__Problem statement__
Return, from the listing below, each line where the word "bool" appears.

__Source data__

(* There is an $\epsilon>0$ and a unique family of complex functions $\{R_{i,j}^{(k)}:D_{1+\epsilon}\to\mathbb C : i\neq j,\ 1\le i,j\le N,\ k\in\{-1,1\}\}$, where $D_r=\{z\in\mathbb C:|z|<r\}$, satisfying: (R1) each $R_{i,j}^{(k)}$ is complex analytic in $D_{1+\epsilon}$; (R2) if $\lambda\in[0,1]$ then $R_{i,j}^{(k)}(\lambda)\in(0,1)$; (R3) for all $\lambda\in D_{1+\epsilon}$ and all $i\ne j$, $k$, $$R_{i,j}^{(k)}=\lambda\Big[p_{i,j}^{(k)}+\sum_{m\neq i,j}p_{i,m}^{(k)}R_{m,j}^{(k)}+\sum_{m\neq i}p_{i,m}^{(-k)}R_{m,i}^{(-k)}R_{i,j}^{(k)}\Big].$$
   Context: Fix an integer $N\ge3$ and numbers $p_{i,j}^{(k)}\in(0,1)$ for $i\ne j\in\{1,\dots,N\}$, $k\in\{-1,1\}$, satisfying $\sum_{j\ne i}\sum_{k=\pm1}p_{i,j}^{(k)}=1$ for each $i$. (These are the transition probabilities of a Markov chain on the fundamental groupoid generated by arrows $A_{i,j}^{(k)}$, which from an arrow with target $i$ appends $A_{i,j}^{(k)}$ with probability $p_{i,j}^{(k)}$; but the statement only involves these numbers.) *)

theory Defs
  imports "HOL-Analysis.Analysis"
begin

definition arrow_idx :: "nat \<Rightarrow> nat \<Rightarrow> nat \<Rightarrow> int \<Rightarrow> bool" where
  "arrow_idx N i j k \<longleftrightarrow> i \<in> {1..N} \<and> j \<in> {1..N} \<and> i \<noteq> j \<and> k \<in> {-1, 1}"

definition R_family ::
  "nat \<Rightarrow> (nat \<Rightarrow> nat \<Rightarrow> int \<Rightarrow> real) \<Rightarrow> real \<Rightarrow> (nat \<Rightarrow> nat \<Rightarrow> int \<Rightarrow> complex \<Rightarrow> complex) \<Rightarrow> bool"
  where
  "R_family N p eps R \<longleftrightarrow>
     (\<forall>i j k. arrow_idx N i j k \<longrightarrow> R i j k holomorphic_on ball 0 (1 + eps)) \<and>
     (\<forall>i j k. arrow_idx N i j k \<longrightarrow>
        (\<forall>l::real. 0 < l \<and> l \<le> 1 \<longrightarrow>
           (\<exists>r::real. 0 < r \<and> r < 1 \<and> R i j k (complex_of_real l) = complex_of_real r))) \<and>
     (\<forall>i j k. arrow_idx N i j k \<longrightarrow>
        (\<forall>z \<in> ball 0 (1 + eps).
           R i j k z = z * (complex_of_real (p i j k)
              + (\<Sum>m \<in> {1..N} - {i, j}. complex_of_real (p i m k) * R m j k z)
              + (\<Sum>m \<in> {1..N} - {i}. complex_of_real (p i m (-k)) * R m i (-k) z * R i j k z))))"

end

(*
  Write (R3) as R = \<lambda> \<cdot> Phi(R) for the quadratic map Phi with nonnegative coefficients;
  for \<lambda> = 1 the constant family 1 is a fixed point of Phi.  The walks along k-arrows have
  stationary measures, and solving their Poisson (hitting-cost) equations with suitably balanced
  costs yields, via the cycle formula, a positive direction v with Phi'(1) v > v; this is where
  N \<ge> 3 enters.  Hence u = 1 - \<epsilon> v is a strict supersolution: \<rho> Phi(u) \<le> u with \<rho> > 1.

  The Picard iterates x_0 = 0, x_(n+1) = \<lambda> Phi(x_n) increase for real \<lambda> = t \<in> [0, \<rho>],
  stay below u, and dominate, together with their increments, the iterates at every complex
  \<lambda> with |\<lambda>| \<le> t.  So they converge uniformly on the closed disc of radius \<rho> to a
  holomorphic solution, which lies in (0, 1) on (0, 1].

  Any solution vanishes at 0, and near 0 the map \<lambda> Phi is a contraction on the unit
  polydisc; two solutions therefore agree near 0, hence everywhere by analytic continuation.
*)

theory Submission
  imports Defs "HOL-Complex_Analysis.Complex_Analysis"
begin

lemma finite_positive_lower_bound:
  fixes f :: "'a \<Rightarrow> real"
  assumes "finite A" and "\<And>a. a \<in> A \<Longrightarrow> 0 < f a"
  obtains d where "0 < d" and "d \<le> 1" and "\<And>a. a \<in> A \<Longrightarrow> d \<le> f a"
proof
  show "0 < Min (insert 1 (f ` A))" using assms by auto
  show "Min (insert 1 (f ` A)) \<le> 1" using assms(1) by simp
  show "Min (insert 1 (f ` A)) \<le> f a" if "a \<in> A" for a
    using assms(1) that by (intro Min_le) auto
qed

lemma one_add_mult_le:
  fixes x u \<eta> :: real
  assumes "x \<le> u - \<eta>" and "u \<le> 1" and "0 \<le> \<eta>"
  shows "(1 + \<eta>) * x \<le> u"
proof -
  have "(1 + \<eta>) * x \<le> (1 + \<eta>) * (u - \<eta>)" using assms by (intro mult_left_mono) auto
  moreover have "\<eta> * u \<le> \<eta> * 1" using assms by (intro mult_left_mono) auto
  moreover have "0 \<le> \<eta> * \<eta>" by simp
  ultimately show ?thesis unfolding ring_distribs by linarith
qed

__Your response__
definition arrow_idx :: "nat \<Rightarrow> nat \<Rightarrow> nat \<Rightarrow> int \<Rightarrow> bool" where
  "nat \<Rightarrow> (nat \<Rightarrow> nat \<Rightarrow> int \<Rightarrow> real) \<Rightarrow> real \<Rightarrow> (nat \<Rightarrow> nat \<Rightarrow> int \<Rightarrow> complex \<Rightarrow> complex) \<Rightarrow> bool"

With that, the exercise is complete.